In Fig. 6 we have analyzed the degrees of imbalance, since during the schedule VM likely gets overloaded when the user tasks are scheduled in cloud resources. A degree of imbalance is a kind of metric to evaluate the load of virtual machines. In graph we can observe that, our algorithm produces very minimal degree imbalance when compared to other algorithms. As the numbers of tasks are increased, CSSA gives the reduced degree of imbalance thereby tasks are uniformly distributed without affecting the performance of the resource.

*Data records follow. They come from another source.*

lemma qchar_eq_primroot_power:
  assumes "residue_primroot r g" "\<not> r dvd y"
  obtains k where "k < r - 1" "[g ^ k = y] (mod r)" "qchar r y = (-1) ^ k"
proof -
  have "coprime (y mod r) r"
    using prime_imp_coprime[OF r(1) assms(2)] r by (simp add: coprime_commute)
  moreover have "0 < y mod r" "y mod r < r"
    using assms(2) r by (simp_all add: mod_greater_zero_iff_not_dvd)
  ultimately have "y mod r \<in> totatives r" by (simp add: totatives_def)
  moreover have "totatives r = (\<lambda>i. g ^ i mod r) ` {..<r - 1}"
    using residue_primroot_is_generator[OF _ assms(1)] r
    by (simp add: bij_betw_def totient_prime)
  ultimately obtain k where k: "k < r - 1" "g ^ k mod r = y mod r" by auto
  hence gk: "[g ^ k = y] (mod r)" by (simp add: cong_def)
  hence "qchar r y = (-1) ^ k"
    using qchar_cong qchar_primroot_power[OF assms(1)] by metis
  with that k(1) gk show ?thesis by blast
qed

lemma qchar_nonresidue_exists: "\<exists>n. qchar r n = -1"
proof -
  obtain g where "g \<in> totatives r" "ord r g = r - 1"
    using residue_prime_has_primroot[OF r(1)] by blast
  hence "residue_primroot r g"
    using r by (auto simp: residue_primroot_def totatives_def totient_prime coprime_commute)
  thus ?thesis using qchar_primroot_power[of g 1] by auto
qed

lemma sum_qchar_eq_0: "(\<Sum>a<r. qchar r a) = 0"
proof -
  obtain n where n: "qchar r n = -1" using qchar_nonresidue_exists by blast
  hence "coprime n r"
    using prime_imp_coprime[OF r(1)] qchar_eq_0_iff[of r n] by (auto simp: coprime_commute)
  hence "(\<Sum>a<r. qchar r a) = (\<Sum>a<r. qchar r ((n * a) mod r))"
    using r by (intro sum.reindex_bij_betw[OF bij_betw_mult_mod, symmetric]) auto
  also have "\<dots> = - (\<Sum>a<r. qchar r a)"
    by (simp add: qchar_mult n sum_negf)
  finally show ?thesis by simp
qed

lemma gauss_sum_twist_cong:
  fixes z d :: int
  assumes z: "[z ^ r = 1] (mod d)" and a: "a < r"
  shows "[qchar r a * z ^ a * gauss_sum r z = (\<Sum>c<r. qchar r c * z ^ (a * (1 + c)))] (mod d)"
proof (cases "a = 0")
  case True
  thus ?thesis using sum_qchar_eq_0 by simp
next
  case False
  hence "\<not> r dvd a" using a by (auto dest: dvd_imp_le)
  hence cop: "coprime a r" and sq: "qchar r a * qchar r a = 1"
    using prime_imp_coprime[OF r(1)] qchar_square by (auto simp: coprime_commute)
  have "qchar r a * z ^ a * gauss_sum r z
      = (\<Sum>c<r. qchar r a * z ^ a * (qchar r ((a * c) mod r) * z ^ ((a * c) mod r)))"
    unfolding gauss_sum_def sum_distrib_left using r
    by (intro sum.reindex_bij_betw[OF bij_betw_mult_mod[OF cop], symmetric]) auto
  also have "[\<dots> = (\<Sum>c<r. qchar r c * z ^ (a * (1 + c)))] (mod d)"
  proof (rule cong_sum)
    fix c
    have "[z ^ a * z ^ ((a * c) mod r) = z ^ (a * (1 + c))] (mod d)"
      using cong_mult[OF cong_refl[of "z ^ a"] power_cong_mod_exponent[OF z, of "a * c"]]
      by (simp add: power_add[symmetric] cong_sym distrib_left)
    moreover have "qchar r a * z ^ a * (qchar r ((a * c) mod r) * z ^ ((a * c) mod r))
        = (qchar r a * qchar r a) * qchar r c * (z ^ a * z ^ ((a * c) mod r))"
      unfolding qchar_mod qchar_mult by (simp only: ac_simps)
    ultimately show "[qchar r a * z ^ a * (qchar r ((a * c) mod r) * z ^ ((a * c) mod r))
        = qchar r c * z ^ (a * (1 + c))] (mod d)"
      unfolding sq mult_1 by (simp only: cong_scalar_left)
  qed
  finally show ?thesis .
qed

Finally, the above Fig. 7, it can be observed that more improvements in overall efficiency in CSSA than GA, PSO, ABC, and HFKCS. It clearly shows that, the CSSA produces 97% of efficiency whereas other algorithms produce 79, 83, 86, and 91% respectively. Table 2 shows the overall performance comparisons of our proposed approach with existing algorithms.

With the evaluation of results, it can be observed that CSSA produces more benefits in terms of makespan optimization and other associated parameters. Moreover, it clearly addresses the load balancing issues with minimal degree of imbalance than other algorithms. Moreover, this method provides better cost optimization, which will be benefited for the consumer who wants to use the cloud services.

5 Conclusions

In this paper, we have proposed CSSA for load balance aware task scheduling in cloud computing environments. This algorithm was inspired by the foraging behaviour of social spider species and its relationships. We have modelled the process of foraging suitable to cloud computing environments with modifications to find best optimized virtual machine for the user tasks. The proposed algorithm was simulated via cloudsim and the various performance parameters were evaluated. The main objective was minimizing the makespan of the cloud scheduling process thereby improving the throughput of the cloud system. In this regard, we have measured various parameters such as makespan, computational cost, response time, average response time, degree of imbalance among various VMs. Our experiments result shows that, the CSSA produce the makespan minimization to 14.8% when compared to GA, PSO, ABC and HFKCS for 100–1000 numbers of tasks. Moreover, GA and PSO more likely to local convergence, but the CSSA more suitable for global search and it prevents local convergence. In our we have also addressed the load balancing while mapping the tasks to VM, the degree of imbalance results shows that CSSA outperforms the other algorithms. Also CSSA more suitable for consumer since it reduces the overall cost of computation. In overall, the scheduling efficiency was improved with CSSA when compared to other algorithms.

In future work, other performance parameters such as security, reliability may be included so that security threats and trust nodes can be identified. Moreover, we further extending this work so as to compatible with independent tasks.